(Beginning of SUPPLIED INFORMATION)

lemma fsc_mult: "fsc a * fsc b = fsc (a * b)"
  by (simp add: fsc_def mult_single plus_list_def)

lemma fsc_add: "fsc (a + b) = fsc a + fsc b"
  by (simp add: fsc_def single_add)

lemma fsc_1 [simp]: "fsc 1 = 1"
  by (simp add: fsc_def free_one)

lemma fsc_0 [simp]: "fsc 0 = 0"
  by (simp add: fsc_def)

lemma fsc_uminus: "fsc (- c) = - fsc c"
  by (simp add: fsc_def single_uminus)

lemma fsc_commute: "x * fsc c = fsc c * x"
proof -
  have "Poly_Mapping.single w a * fsc c = fsc c * Poly_Mapping.single w a" for w a
    by (simp add: fsc_def mult_single plus_list_def mult.commute)
  then have "(\<Sum>w\<in>Poly_Mapping.keys x. Poly_Mapping.single w (Poly_Mapping.lookup x w)) * fsc c =
      fsc c * (\<Sum>w\<in>Poly_Mapping.keys x. Poly_Mapping.single w (Poly_Mapping.lookup x w))"
    by (simp add: sum_distrib_left sum_distrib_right)
  then show ?thesis
    by (simp only: sum_single_lookup)
qed

lemma single_mult_single_mult:
  "Poly_Mapping.single k a * (Poly_Mapping.single l b * x) = Poly_Mapping.single (k + l) (a * b) * x"
  by (simp add: mult.assoc[symmetric] mult_single)

lemmas free_word_simps = fe3_def fz_def fw_def fz'_def S1_def S2_def fe1_def fe2_def fsc_def
  algebra_simps single_mult_single_mult mult_single plus_list_def
  lookup_add lookup_minus lookup_single when_def

lemma fw_eq: "fw q = fz q + fsc (q^2 - 1) * fe3 q * fe2"
  by (rule poly_mapping_eqI) (simp add: free_word_simps)

context
  fixes q :: "'k::field"
  assumes q0: "q \<noteq> 0"
begin

lemma S1_eq: "S1 q = fe1 * fe3 q - fsc (inverse q ^ 2) * fe3 q * fe1"
  by (rule poly_mapping_eqI) (simp add: free_word_simps, auto simp: field_simps q0)

lemma S2_eq: "S2 q = fsc (- (inverse q ^ 2)) * (fe2 * fz q - fz q * fe2)"
  by (rule poly_mapping_eqI) (simp add: free_word_simps, auto simp: field_simps q0)

lemma e1_z_commutator_eq: "fe1 * fz q - fz q * fe1 = fsc (q^2) * (fe2 * S1 q - S1 q * fe2)"
  by (rule poly_mapping_eqI) (simp add: free_word_simps, auto simp: field_simps q0)

lemma e2_e1_eq: "fe2 * fe1 = fsc (inverse q ^ 2) * fe1 * fe2 - fsc (inverse q ^ 2) * fe3 q"
  by (rule poly_mapping_eqI) (simp add: free_word_simps, auto simp: field_simps q0)

end

lemma Irel_mult_left: "a \<in> Irel q \<Longrightarrow> x * a \<in> Irel q"
proof (induction a rule: Irel.induct)
  case (gen r u v)
  then show ?case
    using Irel.gen[of r q "x * u" v] by (simp add: mult.assoc)
qed (auto simp: distrib_left intro: Irel.intros)

lemma Irel_mult_right: "a \<in> Irel q \<Longrightarrow> a * x \<in> Irel q"
proof (induction a rule: Irel.induct)
  case (gen r u v)
  then show ?case
    using Irel.gen[of r q u "v * x"] by (simp add: mult.assoc)
qed (auto simp: distrib_right intro: Irel.intros)

lemma Irel_diff: "a \<in> Irel q \<Longrightarrow> b \<in> Irel q \<Longrightarrow> a - b \<in> Irel q"
  using Irel.add[of a q "(- 1) * b"] Irel_mult_left[of b q "- 1"] by simp

lemma S1_in_Irel: "S1 q \<in> Irel q"
  using Irel.gen[of "S1 q" q 1 1] by simp

lemma S2_in_Irel: "S2 q \<in> Irel q"
  using Irel.gen[of "S2 q" q 1 1] by simp

definition congU :: "'k::field \<Rightarrow> 'k free \<Rightarrow> 'k free \<Rightarrow> bool" where
  "congU q a b \<longleftrightarrow> a - b \<in> Irel q"

lemma congU_refl [simp]: "congU q a a"
  by (simp add: congU_def Irel.zero)

lemma congU_sym: "congU q a b \<Longrightarrow> congU q b a"
  unfolding congU_def using Irel_diff[OF Irel.zero] by fastforce

lemma congU_trans [trans]: "congU q a b \<Longrightarrow> congU q b c \<Longrightarrow> congU q a c"
  unfolding congU_def using Irel.add by fastforce

lemma congU_add: "congU q a b \<Longrightarrow> congU q c d \<Longrightarrow> congU q (a + c) (b + d)"
  unfolding congU_def using Irel.add by (fastforce simp: algebra_simps)

lemma congU_mult_left: "congU q a b \<Longrightarrow> congU q (x * a) (x * b)"
  unfolding congU_def using Irel_mult_left by (fastforce simp: algebra_simps)

lemma congU_mult_right: "congU q a b \<Longrightarrow> congU q (a * x) (b * x)"
  unfolding congU_def using Irel_mult_right by (fastforce simp: algebra_simps)

definition commutes_z :: "'k::field \<Rightarrow> 'k free \<Rightarrow> bool" where
  "commutes_z q x \<longleftrightarrow> congU q (fz q * x) (x * fz q)"

lemma commutes_z_mult: "commutes_z q x \<Longrightarrow> commutes_z q y \<Longrightarrow> commutes_z q (x * y)"
proof -
  assume x: "commutes_z q x" and y: "commutes_z q y"
  have "congU q (fz q * x * y) (x * fz q * y)"
    using congU_mult_right[OF x[unfolded commutes_z_def]] .
  also have "congU q (x * fz q * y) (x * (y * fz q))"
    using congU_mult_left[OF y[unfolded commutes_z_def]] by (simp add: mult.assoc)
  finally show ?thesis
    unfolding commutes_z_def by (simp add: mult.assoc)
qed

lemma commutes_z_diff: "commutes_z q x \<Longrightarrow> commutes_z q y \<Longrightarrow> commutes_z q (x - y)"
  unfolding commutes_z_def congU_def using Irel_diff by (fastforce simp: algebra_simps)

lemma commutes_z_fsc: "commutes_z q (fsc c)"
  unfolding commutes_z_def by (simp add: fsc_commute)

lemma commutes_z_power: "commutes_z q x \<Longrightarrow> commutes_z q (x ^ n)"
  by (induction n) (simp_all add: commutes_z_mult commutes_z_def[of q 1])

lemma commutes_z_power_z: "commutes_z q x \<Longrightarrow> congU q (fz q ^ n * x) (x * fz q ^ n)"
proof (induction n)
  case (Suc n)
  have "congU q (fz q * (fz q ^ n * x)) (fz q * (x * fz q ^ n))"
    using congU_mult_left[OF Suc.IH[OF Suc.prems]] .
  also have "congU q (fz q * (x * fz q ^ n)) (x * fz q * fz q ^ n)"
    using congU_mult_right[OF Suc.prems[unfolded commutes_z_def]] by (simp add: mult.assoc)
  finally show ?case
    by (simp add: mult.assoc power_commutes)
qed simp

context
  fixes q :: "'k::field"
  assumes q0: "q \<noteq> 0"
begin

lemma commutes_z_e1: "commutes_z q fe1"
proof -
  have "fe1 * fz q - fz q * fe1 \<in> Irel q"
    unfolding e1_z_commutator_eq[OF q0] by (intro Irel_mult_left Irel_diff Irel_mult_right S1_in_Irel)
  then show ?thesis
    unfolding commutes_z_def congU_def using Irel_diff[OF Irel.zero] by fastforce
qed

lemma commutes_z_e2: "commutes_z q fe2"
proof -
  have "fsc (q^2) * S2 q = fsc (q^2 * - (inverse q ^ 2)) * (fe2 * fz q - fz q * fe2)"
    unfolding S2_eq[OF q0] by (simp only: mult.assoc[symmetric] fsc_mult)
  also have "q^2 * - (inverse q ^ 2) = -1"
    by (simp add: q0 field_simps)
  finally have "fz q * fe2 - fe2 * fz q = fsc (q^2) * S2 q"
    by (simp add: fsc_uminus)
  then show ?thesis
    unfolding commutes_z_def congU_def by (simp add: Irel_mult_left S2_in_Irel)
qed

lemma commutes_z_e3: "commutes_z q (fe3 q)"
  unfolding fe3_def by (intro commutes_z_diff commutes_z_mult commutes_z_e1 commutes_z_e2 commutes_z_fsc)

lemma e3_e1_congU: "congU q (fe3 q * fe1) (fsc (q^2) * fe1 * fe3 q)"
proof -
  have "fsc (- (q^2)) * S1 q =
      fsc (- (q^2)) * (fe1 * fe3 q) - fsc (- (q^2) * inverse q ^ 2) * (fe3 q * fe1)"
    unfolding S1_eq[OF q0] by (simp only: right_diff_distrib mult.assoc[symmetric] fsc_mult)
  also have "- (q^2) * inverse q ^ 2 = -1"
    by (simp add: q0 field_simps)
  finally have "fe3 q * fe1 - fsc (q^2) * fe1 * fe3 q = fsc (- (q^2)) * S1 q"
    by (simp add: fsc_uminus mult.assoc)
  then show ?thesis
    unfolding congU_def by (simp add: Irel_mult_left S1_in_Irel)
qed

end

section \<open>Ordered monomials span U^+\<close>

fun ordmon :: "'k::field \<Rightarrow> nat \<times> nat \<times> nat \<times> nat \<Rightarrow> 'k free" where
  "ordmon q (a, b, m, n) = fe1 ^ a * (fe3 q ^ b * (fz q ^ m * fe2 ^ n))"

inductive_set ordered_span :: "'k::field \<Rightarrow> 'k free set" for q where
  monomial: "ordmon q i \<in> ordered_span q"
| zero: "0 \<in> ordered_span q"
| add: "f \<in> ordered_span q \<Longrightarrow> g \<in> ordered_span q \<Longrightarrow> f + g \<in> ordered_span q"
| scale: "f \<in> ordered_span q \<Longrightarrow> fsc c * f \<in> ordered_span q"
| congU: "f \<in> ordered_span q \<Longrightarrow> congU q g f \<Longrightarrow> g \<in> ordered_span q"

(End of SUPPLIED INFORMATION)

Copy out the lines of the records above in which the string "symmetric" appears.

  by (simp add: mult.assoc[symmetric] mult_single)
    unfolding S2_eq[OF q0] by (simp only: mult.assoc[symmetric] fsc_mult)
    unfolding S1_eq[OF q0] by (simp only: right_diff_distrib mult.assoc[symmetric] fsc_mult)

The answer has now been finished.